» WORK TASK
Using the data beneath, show every line that includes the word "thesis".

_____

(* For parameters $0\le b\le1$ and $0\le c\le1$ with $bc\neq1$, let $\mathcal{N}_{b,c}$ be the qubit channel $\mathcal{N}_{b,c}(O)=K_0OK_0^\dagger+K_1OK_1^\dagger$ with (in the standard basis) $$K_0=\begin{pmatrix}\sqrt{\frac{(1+b)(1+c)}{2(1+bc)}}&0\\0&\sqrt{\frac{(1-b)(1+c)}{2(1-bc)}}\end{pmatrix},\qquad K_1=\begin{pmatrix}0&\sqrt{\frac{(1+b)(1-c)}{2(1-bc)}}\\\sqrt{\frac{(1-b)(1-c)}{2(1+bc)}}&0\end{pmatrix}.$$ If $0\le c'\le c\le1$ and $bc\neq1$, then there exists a qubit quantum channel $\mathcal{M}$ such that $\mathcal{N}_{b,c'}=\mathcal{N}_{b,c}\circ\mathcal{M}$.
   Context: A qubit quantum channel is a completely positive trace-preserving linear map from $\mathcal{L}(\mathbb{C}^2)$ to $\mathcal{L}(\mathbb{C}^2)$. *)

theory Defs
  imports "HOL-Analysis.Analysis"
begin

type_synonym qmat = "complex^2^2"

definition adj :: "qmat \<Rightarrow> qmat" where
  "adj A = (\<chi> i j. cnj (A $ j $ i))"

definition mscale :: "complex \<Rightarrow> qmat \<Rightarrow> qmat" where
  "mscale c A = (\<chi> i j. c * A $ i $ j)"

definition clinear_map :: "(qmat \<Rightarrow> qmat) \<Rightarrow> bool" where
  "clinear_map M \<longleftrightarrow> (\<forall>A B. M (A + B) = M A + M B) \<and> (\<forall>c A. M (mscale c A) = mscale c (M A))"

text \<open>A block matrix in L(C^n \<otimes> C^2), given by its n x n array of 2x2 blocks X i j
  (i, j < n), is positive semidefinite: <v, X v> is a nonnegative real for all v.\<close>
definition block_psd :: "nat \<Rightarrow> (nat \<Rightarrow> nat \<Rightarrow> qmat) \<Rightarrow> bool" where
  "block_psd n X \<longleftrightarrow> (\<forall>v :: nat \<Rightarrow> complex^2.
     (let q = (\<Sum>i<n. \<Sum>j<n. \<Sum>k\<in>UNIV. cnj (v i $ k) * ((X i j *v v j) $ k))
      in Im q = 0 \<and> Re q \<ge> 0))"

text \<open>Complete positivity: id_n \<otimes> M is a positive map for every n.\<close>
definition completely_positive :: "(qmat \<Rightarrow> qmat) \<Rightarrow> bool" where
  "completely_positive M \<longleftrightarrow>
     (\<forall>n X. block_psd n X \<longrightarrow> block_psd n (\<lambda>i j. M (X i j)))"

definition trace_preserving :: "(qmat \<Rightarrow> qmat) \<Rightarrow> bool" where
  "trace_preserving M \<longleftrightarrow> (\<forall>A. trace (M A) = trace A)"

definition qubit_channel :: "(qmat \<Rightarrow> qmat) \<Rightarrow> bool" where
  "qubit_channel M \<longleftrightarrow> clinear_map M \<and> completely_positive M \<and> trace_preserving M"

definition K0 :: "real \<Rightarrow> real \<Rightarrow> qmat" where
  "K0 b c = vector [
     vector [complex_of_real (sqrt ((1+b)*(1+c) / (2*(1+b*c)))), 0],
     vector [0, complex_of_real (sqrt ((1-b)*(1+c) / (2*(1-b*c))))]]"

definition K1 :: "real \<Rightarrow> real \<Rightarrow> qmat" where
  "K1 b c = vector [
     vector [0, complex_of_real (sqrt ((1+b)*(1-c) / (2*(1-b*c))))],
     vector [complex_of_real (sqrt ((1-b)*(1-c) / (2*(1+b*c)))), 0]]"

definition Nbc :: "real \<Rightarrow> real \<Rightarrow> qmat \<Rightarrow> qmat" where
  "Nbc b c X = K0 b c ** X ** adj (K0 b c) + K1 b c ** X ** adj (K1 b c)"

end

theory Submission
  imports Defs
begin

(* The channels N_{b,c} form a semigroup in their second parameter:
   N_{b,c r} = N_{b,c} o N_{bc,r} for 0 <= r <= 1, so M = N_{bc,c'/c} does the job.
   N_{b,c} has diagonal and antidiagonal Kraus operators, hence it mixes the two
   diagonal entries of its input by a column-stochastic 2x2 matrix and the two
   off-diagonal entries by the weights (1 +- c)/2 times s(b,c) = sqrt((1-b^2)/(1-b^2c^2)).
   The semigroup law then reduces to rational identities for the mixing weights and to
   the multiplicativity s(b,c) s(bc,r) = s(b,cr). *)

definition kraus_map :: "qmat \<Rightarrow> qmat \<Rightarrow> qmat \<Rightarrow> qmat" where
  "kraus_map A B X = A ** X ** adj A + B ** X ** adj B"

lemma matrix_add_rdistrib: "(A + B) ** C = A ** C + B ** (C :: 'a::semiring_1^'n^'m)"
  by (vector matrix_matrix_mult_def sum.distrib[symmetric] field_simps)

lemma mscale_mult_left: "A ** mscale c X = mscale c (A ** X)"
  by (simp add: vec_eq_iff matrix_matrix_mult_def mscale_def sum_distrib_left algebra_simps)

lemma mscale_mult_right: "mscale c X ** A = mscale c (X ** A)"
  by (simp add: vec_eq_iff matrix_matrix_mult_def mscale_def sum_distrib_left algebra_simps)

lemma mscale_add: "mscale c (X + Y) = mscale c X + mscale c Y"
  by (simp add: vec_eq_iff mscale_def algebra_simps)

lemma clinear_map_kraus_map: "clinear_map (kraus_map A B)"
  unfolding clinear_map_def kraus_map_def
  by (simp add: matrix_add_ldistrib matrix_add_rdistrib mscale_mult_left mscale_mult_right mscale_add)

lemma trace_preserving_kraus_map:
  assumes "adj A ** A + adj B ** B = mat 1"
  shows "trace_preserving (kraus_map A B)"
  unfolding trace_preserving_def
proof
  fix X
  have "trace (kraus_map A B X) = trace ((adj A ** A + adj B ** B) ** X)"
    unfolding kraus_map_def trace_add matrix_add_rdistrib
    by (metis matrix_mul_assoc trace_mul_sym)
  then show "trace (kraus_map A B X) = trace X"
    by (simp add: assms)
qed

definition cinner :: "complex^2 \<Rightarrow> complex^2 \<Rightarrow> complex" where
  "cinner u w = (\<Sum>k\<in>UNIV. cnj (u $ k) * w $ k)"

lemma cinner_add_right: "cinner u (w + w') = cinner u w + cinner u w'"
  by (simp add: cinner_def sum.distrib algebra_simps)

lemma cinner_sandwich: "cinner u ((A ** Y ** adj A) *v w) = cinner (adj A *v u) (Y *v (adj A *v w))"
  by (simp add: cinner_def sum_2 matrix_matrix_mult_def matrix_vector_mult_def adj_def algebra_simps)

lemma completely_positive_kraus_map: "completely_positive (kraus_map A B)"
  unfolding completely_positive_def block_psd_def Let_def cinner_def[symmetric]
proof (intro allI impI)
  fix n and X :: "nat \<Rightarrow> nat \<Rightarrow> qmat" and v :: "nat \<Rightarrow> complex^2"
  let ?q = "\<lambda>w. \<Sum>i<n. \<Sum>j<n. cinner (w i) (X i j *v w j)"
  assume psd: "\<forall>w. Im (?q w) = 0 \<and> 0 \<le> Re (?q w)"
  have "(\<Sum>i<n. \<Sum>j<n. cinner (v i) (kraus_map A B (X i j) *v v j))
      = ?q (\<lambda>i. adj A *v v i) + ?q (\<lambda>i. adj B *v v i)"
    by (simp add: kraus_map_def matrix_vector_mult_add_rdistrib cinner_add_right
          cinner_sandwich sum.distrib)
  with psd show "Im (\<Sum>i<n. \<Sum>j<n. cinner (v i) (kraus_map A B (X i j) *v v j)) = 0 \<and>
       0 \<le> Re (\<Sum>i<n. \<Sum>j<n. cinner (v i) (kraus_map A B (X i j) *v v j))"
    by simp
qed

lemma qubit_channel_kraus_map:
  "adj A ** A + adj B ** B = mat 1 \<Longrightarrow> qubit_channel (kraus_map A B)"
  unfolding qubit_channel_def
  by (simp add: clinear_map_kraus_map completely_positive_kraus_map trace_preserving_kraus_map)

definition real_diag :: "real \<Rightarrow> real \<Rightarrow> qmat" where
  "real_diag a d = vector [vector [of_real a, 0], vector [0, of_real d]]"

definition real_antidiag :: "real \<Rightarrow> real \<Rightarrow> qmat" where
  "real_antidiag g h = vector [vector [0, of_real g], vector [of_real h, 0]]"

lemma qmat_eq_iff:
  "(X :: qmat) = Y \<longleftrightarrow> X$1$1 = Y$1$1 \<and> X$1$2 = Y$1$2 \<and> X$2$1 = Y$2$1 \<and> X$2$2 = Y$2$2"
  by (auto simp: vec_eq_iff forall_2)

lemma kraus_map_real_diag_antidiag:
  fixes a d g h :: real and X :: qmat
  defines "Y \<equiv> kraus_map (real_diag a d) (real_antidiag g h) X"
  shows "Y$1$1 = of_real (a^2) * X$1$1 + of_real (g^2) * X$2$2"
    "Y$2$2 = of_real (d^2) * X$2$2 + of_real (h^2) * X$1$1"
    "Y$1$2 = of_real (a*d) * X$1$2 + of_real (g*h) * X$2$1"
    "Y$2$1 = of_real (a*d) * X$2$1 + of_real (g*h) * X$1$2"
  unfolding Y_def kraus_map_def real_diag_def real_antidiag_def
  by (simp_all add: adj_def matrix_matrix_mult_def sum_2 power2_eq_square algebra_simps)

lemma kraus_completeness_real_diag_antidiag:
  assumes "a^2 + h^2 = 1" "d^2 + g^2 = 1"
  shows "adj (real_diag a d) ** real_diag a d + adj (real_antidiag g h) ** real_antidiag g h = mat 1"
  using assms unfolding qmat_eq_iff real_diag_def real_antidiag_def
  by (simp add: adj_def matrix_matrix_mult_def sum_2 mat_def power2_eq_square
      flip: of_real_mult of_real_add)

definition Nbc_coherence :: "real \<Rightarrow> real \<Rightarrow> real" where
  "Nbc_coherence b c = sqrt ((1 - b^2) / (1 - (b*c)^2))"

lemma Nbc_eq_kraus_map:
  "Nbc b c = kraus_map
     (real_diag (sqrt ((1+b)*(1+c) / (2*(1+b*c)))) (sqrt ((1-b)*(1+c) / (2*(1-b*c)))))
     (real_antidiag (sqrt ((1+b)*(1-c) / (2*(1-b*c)))) (sqrt ((1-b)*(1-c) / (2*(1+b*c)))))"
  by (simp add: fun_eq_iff Nbc_def kraus_map_def K0_def K1_def real_diag_def real_antidiag_def)

lemma sqrt_mult_sqrt_factor:
  assumes "0 \<le> t" "x * y = t^2 * z"
  shows "sqrt x * sqrt y = t * sqrt z"
proof -
  have "sqrt x * sqrt y = sqrt (t^2 * z)"
    using assms(2) by (metis real_sqrt_mult)
  also have "\<dots> = t * sqrt z"
    using assms(1) by (simp add: real_sqrt_mult)
  finally show ?thesis .
qed

lemma Nbc_kraus_entry_products:
  fixes b c :: real
  assumes "0 \<le> b" "b \<le> 1" "0 \<le> c" "c \<le> 1" "b * c < 1"
  shows "sqrt ((1+b)*(1+c) / (2*(1+b*c))) * sqrt ((1-b)*(1+c) / (2*(1-b*c)))
      = (1+c)/2 * Nbc_coherence b c" (is ?plus)
    and "sqrt ((1+b)*(1-c) / (2*(1-b*c))) * sqrt ((1-b)*(1-c) / (2*(1+b*c)))
      = (1-c)/2 * Nbc_coherence b c" (is ?minus)
proof -
  have "0 \<le> b * c" using assms by simp
  then have pos: "0 < 1 + b*c" "0 < 1 - b*c" "0 < 1 - (b*c)^2"
    using assms(5) by (simp_all add: abs_square_less_1)
  have "(1+b)*(1+c) / (2*(1+b*c)) * ((1-b)*(1+c) / (2*(1-b*c)))
      = ((1+c)/2)^2 * ((1 - b^2) / (1 - (b*c)^2))"
    "(1+b)*(1-c) / (2*(1-b*c)) * ((1-b)*(1-c) / (2*(1+b*c)))
      = ((1-c)/2)^2 * ((1 - b^2) / (1 - (b*c)^2))"
    using pos by (simp_all add: field_simps power2_eq_square)
  with assms pos show ?plus ?minus
    unfolding Nbc_coherence_def by (intro sqrt_mult_sqrt_factor; auto)+
qed

lemma Nbc_entries:
  fixes b c :: real and X :: qmat
  assumes "0 \<le> b" "b \<le> 1" "0 \<le> c" "c \<le> 1" "b * c < 1"
  shows "Nbc b c X $1$1 = of_real ((1+b)*(1+c) / (2*(1+b*c))) * X$1$1
                        + of_real ((1+b)*(1-c) / (2*(1-b*c))) * X$2$2"
    "Nbc b c X $2$2 = of_real ((1-b)*(1+c) / (2*(1-b*c))) * X$2$2
                    + of_real ((1-b)*(1-c) / (2*(1+b*c))) * X$1$1"
    "Nbc b c X $1$2 = of_real ((1+c)/2 * Nbc_coherence b c) * X$1$2
                    + of_real ((1-c)/2 * Nbc_coherence b c) * X$2$1"
    "Nbc b c X $2$1 = of_real ((1+c)/2 * Nbc_coherence b c) * X$2$1
                    + of_real ((1-c)/2 * Nbc_coherence b c) * X$1$2"
  using assms mult_nonneg_nonneg[OF assms(1,3)]
  unfolding Nbc_eq_kraus_map kraus_map_real_diag_antidiag Nbc_kraus_entry_products[OF assms]
  by simp_all

lemma qubit_channel_Nbc:
  fixes b c :: real
  assumes "0 \<le> b" "b \<le> 1" "0 \<le> c" "c \<le> 1" "b * c < 1"
  shows "qubit_channel (Nbc b c)"
proof -
  have "0 \<le> b * c" using assms by simp
  then have pos: "0 < 1 + b*c" "0 < 1 - b*c"
    using assms(5) by simp_all
  have "(1+b)*(1+c) / (2*(1+b*c)) + (1-b)*(1-c) / (2*(1+b*c)) = 1"
    "(1-b)*(1+c) / (2*(1-b*c)) + (1+b)*(1-c) / (2*(1-b*c)) = 1"
    using pos by (simp_all add: add_divide_distrib[symmetric] field_simps)
  then show ?thesis
    unfolding Nbc_eq_kraus_map using assms pos
    by (intro qubit_channel_kraus_map kraus_completeness_real_diag_antidiag) simp_all
qed

lemma Nbc_coherence_mult:
  fixes b c r :: real
  assumes "0 \<le> b" "b \<le> 1" "0 \<le> c" "b * c < 1"
  shows "Nbc_coherence b c * Nbc_coherence (b*c) r = Nbc_coherence b (c*r)"
proof -
  have "(b*c)^2 < 1" using assms by (simp add: abs_square_less_1)
  then have "(1 - b^2) / (1 - (b*c)^2) * ((1 - (b*c)^2) / (1 - (b*c*r)^2))
      = (1 - b^2) / (1 - (b*(c*r))^2)"
    by (simp add: mult.assoc)
  then show ?thesis
    unfolding Nbc_coherence_def real_sqrt_mult[symmetric] by (simp add: mult.assoc)
qed

lemma Nbc_comp:
  fixes b c r :: real
  assumes "0 \<le> b" "b \<le> 1" "0 \<le> c" "c \<le> 1" "0 \<le> r" "r \<le> 1" "b * c < 1"
  shows "Nbc b (c*r) = Nbc b c \<circ> Nbc (b*c) r"
proof
  fix X
  have "0 \<le> b*c" "0 \<le> c*r" "0 \<le> b*c*r" "b*c*r \<le> b*c" "c*r \<le> 1"
    using assms by (simp_all add: mult_left_le mult_le_one)
  then have bc: "0 \<le> b*c" "b*c \<le> 1" "b*c*r < 1" "0 \<le> c*r" "c*r \<le> 1" "b*(c*r) < 1"
    and pos: "0 < 1 + b*c" "0 < 1 - b*c" "0 < 1 + b*c*r" "0 < 1 - b*c*r"
      "0 < 1 + b*(c*r)" "0 < 1 - b*(c*r)"
    using assms(7) by (simp_all add: mult.assoc)
  have populations:
    "(1+b)*(1+c*r) / (2*(1+b*(c*r))) = (1+b)*(1+c) / (2*(1+b*c)) * ((1+b*c)*(1+r) / (2*(1+b*c*r)))
       + (1+b)*(1-c) / (2*(1-b*c)) * ((1-b*c)*(1-r) / (2*(1+b*c*r)))"
    "(1+b)*(1-c*r) / (2*(1-b*(c*r))) = (1+b)*(1+c) / (2*(1+b*c)) * ((1+b*c)*(1-r) / (2*(1-b*c*r)))
       + (1+b)*(1-c) / (2*(1-b*c)) * ((1-b*c)*(1+r) / (2*(1-b*c*r)))"
    "(1-b)*(1+c*r) / (2*(1-b*(c*r))) = (1-b)*(1+c) / (2*(1-b*c)) * ((1-b*c)*(1+r) / (2*(1-b*c*r)))
       + (1-b)*(1-c) / (2*(1+b*c)) * ((1+b*c)*(1-r) / (2*(1-b*c*r)))"
    "(1-b)*(1-c*r) / (2*(1+b*(c*r))) = (1-b)*(1+c) / (2*(1-b*c)) * ((1-b*c)*(1-r) / (2*(1+b*c*r)))
       + (1-b)*(1-c) / (2*(1+b*c)) * ((1+b*c)*(1+r) / (2*(1+b*c*r)))"
    \<comment> \<open>keep \<open>2 * (1 \<plusminus> _)\<close> factored, so that \<open>divide_simps\<close> sees these denominators are nonzero\<close>
    using pos by (simp_all add: divide_simps del: distrib_left_numeral right_diff_distrib_numeral)
      (simp_all add: algebra_simps)
  have coherences:
    "(1+c*r)/2 * Nbc_coherence b (c*r) = (1+c)/2 * Nbc_coherence b c * ((1+r)/2 * Nbc_coherence (b*c) r)
       + (1-c)/2 * Nbc_coherence b c * ((1-r)/2 * Nbc_coherence (b*c) r)"
    "(1-c*r)/2 * Nbc_coherence b (c*r) = (1+c)/2 * Nbc_coherence b c * ((1-r)/2 * Nbc_coherence (b*c) r)
       + (1-c)/2 * Nbc_coherence b c * ((1+r)/2 * Nbc_coherence (b*c) r)"
    unfolding Nbc_coherence_mult[OF assms(1-3,7), of r, symmetric] by (simp_all add: field_simps)
  show "Nbc b (c*r) X = (Nbc b c \<circ> Nbc (b*c) r) X"
    unfolding qmat_eq_iff comp_def Nbc_entries[OF assms(1,2) bc(4,5,6)]
      Nbc_entries[OF assms(1-4,7)] Nbc_entries[OF bc(1,2) assms(5,6) bc(3)]
      populations coherences
    by (simp only: of_real_add of_real_mult) algebra
qed

theorem mainTheorem6:
  fixes b c c' :: real
  assumes "0 \<le> b" "b \<le> 1" "0 \<le> c'" "c' \<le> c" "c \<le> 1" "b * c \<noteq> 1"
  shows "\<exists>M. qubit_channel M \<and> Nbc b c' = Nbc b c \<circ> M"
proof -
  define r where "r = c' / c"
  \<comment> \<open>for \<open>c = 0\<close> also \<open>c' = 0\<close>, and the junk value \<open>c' / 0 = 0\<close> is a valid choice\<close>
  have c': "c' = c * r" and r: "0 \<le> r" "r \<le> 1"
    using assms by (auto simp: r_def divide_le_eq_1)
  have "b * c < 1"
    using assms mult_le_one[of b c] by (simp add: less_le)
  moreover have "0 \<le> b * c" "b * c * r \<le> b * c"
    using assms r by (simp_all add: mult_left_le)
  ultimately have "qubit_channel (Nbc (b * c) r)"
    using r by (intro qubit_channel_Nbc) simp_all
  moreover have "Nbc b c' = Nbc b c \<circ> Nbc (b * c) r"
    unfolding c' using assms r \<open>b * c < 1\<close> by (intro Nbc_comp) simp_all
  ultimately show ?thesis
    by blast
qed

end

_____

» EXERCISE OUTPUT
  finally show ?thesis .
  then show ?thesis
  then show ?thesis
  ultimately show ?thesis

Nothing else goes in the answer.